• _WHAT IS REQUIRED_: If a line below contains the string "mathcal", copy it out.

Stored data
section \<open>Powers of \<open>T - 1\<close> modulo \<open>(p\<^sup>b, T\<^sup>M - 1)\<close>\<close>

lemma power_add_mult_mod_sq:
  fixes a P c :: "'a::comm_ring_1"
  shows "\<exists>R. (a + P * c) ^ n = a ^ n + of_nat n * P * a ^ (n - 1) * c + P\<^sup>2 * c * R"
proof (induct n)
  case (Suc n)
  then obtain R where R: "(a + P * c) ^ n = a ^ n + of_nat n * P * a ^ (n - 1) * c + P\<^sup>2 * c * R"
    by blast
  show ?case
  proof (cases n)
    case (Suc k)
    have "(a + P * c) ^ Suc n = (a + P * c) * (a ^ n + of_nat n * P * a ^ (n - 1) * c + P\<^sup>2 * c * R)"
      by (simp only: power_Suc R)
    also have "\<dots> = a ^ Suc n + of_nat (Suc n) * P * a ^ (Suc n - 1) * c
        + P\<^sup>2 * c * (of_nat n * a ^ k * c + R * a + P * c * R)"
      by (simp add: Suc algebra_simps power2_eq_square)
    finally show ?thesis
      by blast
  qed (auto intro: exI[of _ 0])
qed (auto intro: exI[of _ 0])

lemma power_add_mod_left: "\<exists>Z. (a + b) ^ n = b ^ n + a * (Z::'a::comm_ring_1)"
proof (induct n)
  case (Suc n)
  then obtain Z where "(a + b) ^ n = b ^ n + a * Z"
    by blast
  then have "(a + b) ^ Suc n = b ^ Suc n + a * (b ^ n + Z * (a + b))"
    by (simp add: algebra_simps)
  then show ?case
    by blast
qed (auto intro: exI[of _ 0])
lemma lorentz_p1_thin_annulus_le:
  assumes "0 < p" "0 < \<delta>" "\<delta> \<le> R" "R \<le> 3"
  shows "lorentz_p1 p (indicator (annulus (R - \<delta>) R)) \<le> ennreal (p * (6 * pi * \<delta>) powr (1/p))"
proof (rule lorentz_p1_indicator_le)
  have "pi * (R^2 - (R - \<delta>)^2) = pi * \<delta> * (2 * R - \<delta>)"
    by (simp add: power2_eq_square algebra_simps)
  also have "\<dots> \<le> 6 * pi * \<delta>"
    using assms by (simp add: mult_left_le)
  finally show "emeasure lebesgue (annulus (R - \<delta>) R) \<le> ennreal (6 * pi * \<delta>)"
    using assms by (subst emeasure_annulus) (auto intro: ennreal_leI)
qed (use assms in auto)

lemma weak_Lq_max_sph_thin_annulus_le:
  assumes bound: "\<And>f. radial f \<Longrightarrow> f \<in> borel_measurable lebesgue \<Longrightarrow> lorentz_p1 p f < \<infinity>
      \<Longrightarrow> weak_Lq q (max_sph E f) \<le> ennreal C * lorentz_p1 p f"
    and "0 < p" "0 < \<delta>" "\<delta> \<le> R" "R \<le> 3"
  shows "weak_Lq q (max_sph E (indicator (annulus (R - \<delta>) R))) \<le> ennreal (max C 0 * (p * (6 * pi * \<delta>) powr (1/p)))"
proof -
  let ?f = "indicator (annulus (R - \<delta>) R) :: complex \<Rightarrow> real"
  have lorentz: "lorentz_p1 p ?f \<le> ennreal (p * (6 * pi * \<delta>) powr (1/p))"
    using assms by (intro lorentz_p1_thin_annulus_le)
  have "?f \<in> borel_measurable lebesgue"
    by (rule borel_measurable_indicator) (use annulus_borel in auto)
  moreover have "lorentz_p1 p ?f < \<infinity>"
    using lorentz by (simp add: order_le_less_trans)
  ultimately have "weak_Lq q (max_sph E ?f) \<le> ennreal C * lorentz_p1 p ?f"
    by (intro bound radial_indicator_annulus)
  also have "\<dots> \<le> ennreal (max C 0) * ennreal (p * (6 * pi * \<delta>) powr (1/p))"
    using lorentz by (intro mult_mono) (auto intro: ennreal_leI)
  also have "\<dots> = ennreal (max C 0 * (p * (6 * pi * \<delta>) powr (1/p)))"
    by (rule ennreal_mult[symmetric]) (use assms in auto)
  finally show ?thesis .
qed

theorem proposition4p2:
  fixes E :: "real set" and p q :: real
  assumes "E \<subseteq> {1..2}"
    and "1 \<le> p" and "1 \<le> q"
    and bdd: "\<exists>C :: real. \<forall>f. radial f \<and> f \<in> borel_measurable lebesgue
                 \<and> lorentz_p1 p f < \<infinity>
               \<longrightarrow> weak_Lq q (max_sph E f) \<le> ennreal C * lorentz_p1 p f"
  shows "\<exists>C :: real. \<forall>a b \<delta> :: real.
           1 \<le> a \<and> b \<le> 2 \<and> 0 < \<delta> \<and> \<delta> \<le> b - a \<and> b - a \<le> 1 \<longrightarrow>
           \<delta> powr (1/2 + 1/q) * (b - a) powr (1/q - 1/2)
             * real (cov_num (E \<inter> {a..b}) \<delta>) powr (1/q)
           \<le> C * \<delta> powr (1/p)"
proof -
  obtain C0 where C0: "\<And>f. radial f \<Longrightarrow> f \<in> borel_measurable lebesgue \<Longrightarrow> lorentz_p1 p f < \<infinity>
      \<Longrightarrow> weak_Lq q (max_sph E f) \<le> ennreal C0 * lorentz_p1 p f"
    using bdd by blast
  define K where "K = 8 * pi * (8/pi) powr (1/q)"
  define C where "C = K * max C0 0 * p * (6 * pi) powr (1/p)"
  have "\<delta> powr (1/2 + 1/q) * (b - a) powr (1/q - 1/2) * real (cov_num (E \<inter> {a..b}) \<delta>) powr (1/q)
      \<le> C * \<delta> powr (1/p)" if "1 \<le> a" "b \<le> 2" "0 < \<delta>" "\<delta> \<le> b - a" "b - a \<le> 1" for a b \<delta>
  proof -
    let ?f = "indicator (annulus (2*b - a - \<delta>) (2*b - a)) :: complex \<Rightarrow> real"
    have "ennreal (\<delta> powr (1/2 + 1/q) * (b - a) powr (1/q - 1/2) * real (cov_num (E \<inter> {a..b}) \<delta>) powr (1/q))
        \<le> ennreal K * weak_Lq q (max_sph E ?f)"
      unfolding K_def by (rule weak_Lq_max_sph_annulus_ge) (use that assms in auto)
    also have "\<dots> \<le> ennreal K * ennreal (max C0 0 * (p * (6 * pi * \<delta>) powr (1/p)))"
      using that assms by (intro mult_left_mono weak_Lq_max_sph_thin_annulus_le[OF C0]) auto
    also have "\<dots> = ennreal (C * \<delta> powr (1/p))"
      using that assms unfolding C_def K_def by (simp add: ennreal_mult powr_mult mult_ac)
    moreover have "0 \<le> C * \<delta> powr (1/p)"
      using assms unfolding C_def K_def by simp
    ultimately show ?thesis
      by simp
  qed
  then show ?thesis
    by blast
qed

end
(* Let $K$ be a Cantor set with metric $d$. For every endomorphism $T:K\to K$ and every $\varepsilon>0$ there exists an endomorphism $\widetilde T:K\to K$ such that $D(T,\widetilde T)=\max_{x\in K} d(T(x),\widetilde T(x))<\varepsilon$ and the orbit of every point of $K$ under $\widetilde T$ is finally periodic.
   Context: A Cantor set is a nonempty totally disconnected, perfect, compact metric space. An endomorphism of $K$ is a continuous surjection $K\to K$. The orbit of $x\in K$ under a map $S$ is finally periodic if there exist integers $j,N>0$ with $S^{N+j}(x)=S^{j}(x)$. *)

theory Defs
  imports "HOL-Analysis.Analysis"
begin

definition totally_disconnected_set :: "'a::topological_space set \<Rightarrow> bool" where
  "totally_disconnected_set K \<longleftrightarrow> (\<forall>C. C \<subseteq> K \<and> connected C \<longrightarrow> (\<exists>a. C \<subseteq> {a}))"

definition perfect_set :: "'a::topological_space set \<Rightarrow> bool" where
  "perfect_set K \<longleftrightarrow> closed K \<and> (\<forall>x\<in>K. x islimpt K)"

definition cantor_set :: "'a::metric_space set \<Rightarrow> bool" where
  "cantor_set K \<longleftrightarrow> K \<noteq> {} \<and> totally_disconnected_set K \<and> perfect_set K \<and> compact K"

definition endomorphism :: "'a::topological_space set \<Rightarrow> ('a \<Rightarrow> 'a) \<Rightarrow> bool" where
  "endomorphism K T \<longleftrightarrow> continuous_on K T \<and> T ` K = K"
(* For any finite interval $\Lambda\subset\mathbb Z$, the map $\boldsymbol\sigma_\Lambda:\mathcal D_\Lambda\to\{0,1\}^\Lambda$ assigning to each VMD tiling its particle configuration is injective.
   Context: Tilings of a finite interval $\Lambda$: a tile occupies consecutive sites and carries a 0/1 word (its particle content): void $0$; monomer $100$; dimer $011000$; left boundary dimer $11000$ (allowed only as the first tile of $\Lambda$); and, allowed only as the last tile of $\Lambda$: right dimer $011$, right 1-monomer $1$, right 2-monomer $10$, truncated 1-dimer $0110$, truncated 2-dimer $01100$. A root tiling $R$ of $\Lambda$ is a tiling of $\Lambda$ by consecutive tiles consisting of voids and monomers, optionally with a left boundary dimer as first tile and optionally with one of right dimer, right 1-monomer, right 2-monomer as last tile; $\mathcal R_\Lambda$ denotes their set. A VMD tiling derived from $R$ is obtained by choosing a collection of disjoint pairs of consecutive tiles of $R$, each pair being either two monomers (replaced by a dimer) or a monomer followed by a right $j$-monomer, $j\in\{1,2\}$ (replaced by the truncated $j$-dimer); $\mathcal D_\Lambda(R)$ is the set of these and $\mathcal D_\Lambda=\bigcup_{R\in\mathcal R_\Lambda}\mathcal D_\Lambda(R)$. The configuration $\boldsymbol\sigma_\Lambda(\mathbf D)\in\{0,1\}^\Lambda$ of a tiling $\mathbf D$ is the concatenation of the particle contents of its tiles. *)

theory Defs
  imports Main
begin

text \<open>Tile types. Particle contents: void 0; monomer 100; dimer 011000;
left boundary dimer 11000; right dimer 011; right 1-monomer 1;
right 2-monomer 10; truncated 1-dimer 0110; truncated 2-dimer 01100.\<close>

datatype tile = Void | Mono | Dimer | LDimer | RDimer | RMono1 | RMono2 | TDimer1 | TDimer2

fun word :: "tile \<Rightarrow> nat list" where
  "word Void = [0]"
| "word Mono = [1,0,0]"
| "word Dimer = [0,1,1,0,0,0]"
| "word LDimer = [1,1,0,0,0]"
| "word RDimer = [0,1,1]"
| "word RMono1 = [1]"
| "word RMono2 = [1,0]"
| "word TDimer1 = [0,1,1,0]"
| "word TDimer2 = [0,1,1,0,0]"

text \<open>The finite interval is \<open>\<Lambda> = {a..b} \<subseteq> \<int>\<close> (empty if b < a). A tiling is a list of
tiles placed consecutively from the left end a; it tiles \<Lambda> iff the total length is |\<Lambda>|.\<close>

definition tlen :: "tile list \<Rightarrow> nat" where
  "tlen ts = length (concat (map word ts))"

definition bulk_tile :: "tile \<Rightarrow> bool" where
  "bulk_tile t \<longleftrightarrow> t = Void \<or> t = Mono"

definition right_root_tile :: "tile \<Rightarrow> bool" where
  "right_root_tile t \<longleftrightarrow> t = RDimer \<or> t = RMono1 \<or> t = RMono2"

definition root_tilings :: "int \<Rightarrow> int \<Rightarrow> tile list set" where
  "root_tilings a b = {R. tlen R = card {a..b} \<and>
     (\<exists>L M E. R = L @ M @ E \<and> (L = [] \<or> L = [LDimer]) \<and> (\<forall>t\<in>set M. bulk_tile t) \<and>
        (E = [] \<or> (\<exists>t. E = [t] \<and> right_root_tile t)))}"

inductive derived :: "tile list \<Rightarrow> tile list \<Rightarrow> bool" where
  nil: "derived [] []"
| keep: "derived R D \<Longrightarrow> derived (t # R) (t # D)"
| dimer: "derived R D \<Longrightarrow> derived (Mono # Mono # R) (Dimer # D)"
| tdimer1: "derived R D \<Longrightarrow> derived (Mono # RMono1 # R) (TDimer1 # D)"
| tdimer2: "derived R D \<Longrightarrow> derived (Mono # RMono2 # R) (TDimer2 # D)"

definition VMD_tilings :: "int \<Rightarrow> int \<Rightarrow> tile list set" where
  "VMD_tilings a b = {D. \<exists>R \<in> root_tilings a b. derived R D}"

text \<open>Configuration \<open>\<sigma>_\<Lambda>(D) \<in> {0,1}^\<Lambda>\<close>, represented as a function on \<int> that is
the concatenated particle content on \<Lambda> (site a + k carries letter k) and 0 outside \<Lambda>.\<close>

definition sigma :: "int \<Rightarrow> int \<Rightarrow> tile list \<Rightarrow> int \<Rightarrow> nat" where
  "sigma a b D = (\<lambda>i. if a \<le> i \<and> i \<le> b then concat (map word D) ! nat (i - a) else 0)"

end

theory Submission
  imports Defs
begin

text \<open>The configuration of a VMD tiling can be parsed back into the tiling from left to right.
A leading \<open>11000\<close> is the left boundary dimer, and no other tile content starts with \<open>11\<close>.
Hence a \<open>0\<close> followed by \<open>11\<close> opens a dimer, or, if only \<open>11\<close>, \<open>110\<close> or \<open>1100\<close> remains,
a right dimer or truncated dimer; any other \<open>0\<close> is a void. A \<open>1\<close> is a right 1- or 2-monomer
if only \<open>1\<close> or \<open>10\<close> remains, and a monomer otherwise. Since every VMD tiling has the shape
(left boundary dimer) (voids, monomers, dimers) (one right tile), this parser is a left
inverse of the configuration map.\<close>

definition bulk_vmd_tile :: "tile \<Rightarrow> bool" where
  "bulk_vmd_tile t \<longleftrightarrow> t = Void \<or> t = Mono \<or> t = Dimer"

definition right_vmd_ends :: "tile list set" where
  "right_vmd_ends = {[], [RDimer], [RMono1], [RMono2], [TDimer1], [TDimer2]}"

inductive root_tail :: "tile list \<Rightarrow> bool" where
  root_end: "E = [] \<or> (\<exists>t. E = [t] \<and> right_root_tile t) \<Longrightarrow> root_tail E"
| root_cons: "bulk_tile t \<Longrightarrow> root_tail R \<Longrightarrow> root_tail (t # R)"

inductive vmd_tail :: "tile list \<Rightarrow> bool" where
  vmd_end: "E \<in> right_vmd_ends \<Longrightarrow> vmd_tail E"
| vmd_cons: "bulk_vmd_tile t \<Longrightarrow> vmd_tail D \<Longrightarrow> vmd_tail (t # D)"

lemma root_tail_append:
  assumes "\<forall>t\<in>set M. bulk_tile t" and "E = [] \<or> (\<exists>t. E = [t] \<and> right_root_tile t)"
  shows "root_tail (M @ E)"
  using assms by (induction M) (auto intro: root_tail.intros)

lemma root_tail_Cons:
  "root_tail (t # R) \<longleftrightarrow> R = [] \<and> right_root_tile t \<or> bulk_tile t \<and> root_tail R"
  by (auto elim: root_tail.cases intro: root_tail.intros)

lemma derived_Nil_iff: "derived [] D \<longleftrightarrow> D = []"
  by (auto elim: derived.cases intro: derived.nil)

lemma derived_LDimer_Cons:
  assumes "derived (LDimer # R) D"
  obtains D' where "D = LDimer # D'" and "derived R D'"
  using assms by (auto elim: derived.cases)

lemma derived_root_tail_imp_vmd_tail:
  assumes "derived R D" and "root_tail R"
  shows "vmd_tail D"
  using assms
proof (induction rule: derived.induct)
  case nil
  then show ?case by (simp add: vmd_end right_vmd_ends_def)
next
  case (keep R D t)
  from \<open>root_tail (t # R)\<close> show ?case
  proof cases
    case root_end
    then have "R = []" and "right_root_tile t" by auto
    with keep.hyps show ?thesis
      by (auto simp: derived_Nil_iff right_root_tile_def right_vmd_ends_def intro: vmd_end)
  next
    case root_cons
    with keep.IH show ?thesis by (auto simp: bulk_tile_def bulk_vmd_tile_def intro: vmd_cons)
  qed
next
  case (dimer R D)
  then have "root_tail R"
    by (simp add: root_tail_Cons right_root_tile_def)
  with dimer.IH show ?case by (simp add: bulk_vmd_tile_def vmd_cons)
next
  case (tdimer1 R D)
  then have "R = []"
    by (simp add: root_tail_Cons right_root_tile_def bulk_tile_def)
  with tdimer1.hyps show ?case by (simp add: derived_Nil_iff right_vmd_ends_def vmd_end)
next
  case (tdimer2 R D)
  then have "R = []"
    by (simp add: root_tail_Cons right_root_tile_def bulk_tile_def)
  with tdimer2.hyps show ?case by (simp add: derived_Nil_iff right_vmd_ends_def vmd_end)
qed

lemma derived_tlen: "derived R D \<Longrightarrow> tlen D = tlen R"
  by (induction rule: derived.induct) (auto simp: tlen_def)

lemma VMD_tilings_tlen:
  assumes "D \<in> VMD_tilings a b"
  shows "tlen D = card {a..b}"
  using assms derived_tlen by (fastforce simp: VMD_tilings_def root_tilings_def)

lemma VMD_tilings_cases:
  assumes "D \<in> VMD_tilings a b"
  obtains D' where "D = D' \<or> D = LDimer # D'" and "vmd_tail D'"
proof -
  obtain R where "R \<in> root_tilings a b" and derived: "derived R D"
    using assms by (auto simp: VMD_tilings_def)
  then obtain L M E where R: "R = L @ M @ E" and L: "L = [] \<or> L = [LDimer]"
    and "\<forall>t\<in>set M. bulk_tile t" and "E = [] \<or> (\<exists>t. E = [t] \<and> right_root_tile t)"
    by (auto simp: root_tilings_def)
  then have tail: "root_tail (M @ E)"
    by (simp add: root_tail_append)
  obtain D' where "D = D' \<or> D = LDimer # D'" and "derived (M @ E) D'"
    using L derived derived_LDimer_Cons unfolding R by (metis append_Cons append_Nil)
  with tail show thesis
    using that derived_root_tail_imp_vmd_tail by blast
qed

fun decode_tail :: "nat list \<Rightarrow> tile list" where
  "decode_tail [] = []"
| "decode_tail (x # xs) =
    (if x = 0 then
       (if take 2 xs = [1, 1] then
          (if xs = [1, 1] then [RDimer]
           else if xs = [1, 1, 0] then [TDimer1]
           else if xs = [1, 1, 0, 0] then [TDimer2]
           else Dimer # decode_tail (drop 5 xs))
        else Void # decode_tail xs)
     else if xs = [] then [RMono1]
     else if xs = [0] then [RMono2]
     else Mono # decode_tail (drop 2 xs))"

definition decode :: "nat list \<Rightarrow> tile list" where
  "decode xs =
    (if take 5 xs = [1, 1, 0, 0, 0] then LDimer # decode_tail (drop 5 xs) else decode_tail xs)"

lemma vmd_tail_take2_ne_11:
  "vmd_tail D \<Longrightarrow> take 2 (concat (map word D)) \<noteq> [1, 1]"
  by (cases rule: vmd_tail.cases) (auto simp: right_vmd_ends_def bulk_vmd_tile_def)

lemma decode_tail_concat_word:
  "vmd_tail D \<Longrightarrow> decode_tail (concat (map word D)) = D"
proof (induction rule: vmd_tail.induct)
  case (vmd_end E)
  then show ?case by (auto simp: right_vmd_ends_def)
next
  case (vmd_cons t D)
  then show ?case
    using vmd_tail_take2_ne_11[OF \<open>vmd_tail D\<close>] by (auto simp: bulk_vmd_tile_def)
qed

lemma decode_concat_word:
  assumes "vmd_tail D"
  shows "decode (concat (map word D)) = D"
    and "decode (concat (map word (LDimer # D))) = LDimer # D"
proof -
  have "take 5 (concat (map word D)) \<noteq> [1, 1, 0, 0, 0]"
  proof
    assume "take 5 (concat (map word D)) = [1, 1, 0, 0, 0]"
    then have "take 2 (take 5 (concat (map word D))) = [1, 1]"
      by simp
    with vmd_tail_take2_ne_11[OF assms] show False
      by simp
  qed
  then show "decode (concat (map word D)) = D"
    using decode_tail_concat_word[OF assms] by (simp add: decode_def)
  show "decode (concat (map word (LDimer # D))) = LDimer # D"
    using decode_tail_concat_word[OF assms] by (simp add: decode_def)
qed

lemma VMD_tilings_decode:
  assumes "D \<in> VMD_tilings a b"
  shows "decode (concat (map word D)) = D"
proof -
  obtain D' where "D = D' \<or> D = LDimer # D'" and "vmd_tail D'"
    using assms by (rule VMD_tilings_cases)
  then show ?thesis
    using decode_concat_word by blast
qed

lemma sigma_eq_imp_concat_word_eq:
  assumes "sigma a b D1 = sigma a b D2"
    and "tlen D1 = card {a..b}" and "tlen D2 = card {a..b}"
  shows "concat (map word D1) = concat (map word D2)"
proof (rule nth_equalityI)
  show "length (concat (map word D1)) = length (concat (map word D2))"
    using assms(2,3) by (simp add: tlen_def)
next
  fix k assume "k < length (concat (map word D1))"
  then have "a \<le> a + int k" and "a + int k \<le> b"
    using assms(2) by (auto simp: tlen_def)
  moreover have "sigma a b D1 (a + int k) = sigma a b D2 (a + int k)"
    using assms(1) by simp
  ultimately show "concat (map word D1) ! k = concat (map word D2) ! k"
    by (simp add: sigma_def)
qed

theorem lemma2p2:
  fixes a b :: int
  shows "inj_on (sigma a b) (VMD_tilings a b)"
proof (rule inj_onI)
  fix D1 D2
  assume D1: "D1 \<in> VMD_tilings a b" and D2: "D2 \<in> VMD_tilings a b"
    and "sigma a b D1 = sigma a b D2"
  with VMD_tilings_tlen[OF D1] VMD_tilings_tlen[OF D2]
  have "concat (map word D1) = concat (map word D2)"
    by (intro sigma_eq_imp_concat_word_eq)
  then show "D1 = D2"
    using VMD_tilings_decode[OF D1] VMD_tilings_decode[OF D2] by metis
qed

end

• _RESPONSE TO THE TASK_:
(* For any finite interval $\Lambda\subset\mathbb Z$, the map $\boldsymbol\sigma_\Lambda:\mathcal D_\Lambda\to\{0,1\}^\Lambda$ assigning to each VMD tiling its particle configuration is injective.
   Context: Tilings of a finite interval $\Lambda$: a tile occupies consecutive sites and carries a 0/1 word (its particle content): void $0$; monomer $100$; dimer $011000$; left boundary dimer $11000$ (allowed only as the first tile of $\Lambda$); and, allowed only as the last tile of $\Lambda$: right dimer $011$, right 1-monomer $1$, right 2-monomer $10$, truncated 1-dimer $0110$, truncated 2-dimer $01100$. A root tiling $R$ of $\Lambda$ is a tiling of $\Lambda$ by consecutive tiles consisting of voids and monomers, optionally with a left boundary dimer as first tile and optionally with one of right dimer, right 1-monomer, right 2-monomer as last tile; $\mathcal R_\Lambda$ denotes their set. A VMD tiling derived from $R$ is obtained by choosing a collection of disjoint pairs of consecutive tiles of $R$, each pair being either two monomers (replaced by a dimer) or a monomer followed by a right $j$-monomer, $j\in\{1,2\}$ (replaced by the truncated $j$-dimer); $\mathcal D_\Lambda(R)$ is the set of these and $\mathcal D_\Lambda=\bigcup_{R\in\mathcal R_\Lambda}\mathcal D_\Lambda(R)$. The configuration $\boldsymbol\sigma_\Lambda(\mathbf D)\in\{0,1\}^\Lambda$ of a tiling $\mathbf D$ is the concatenation of the particle contents of its tiles. *)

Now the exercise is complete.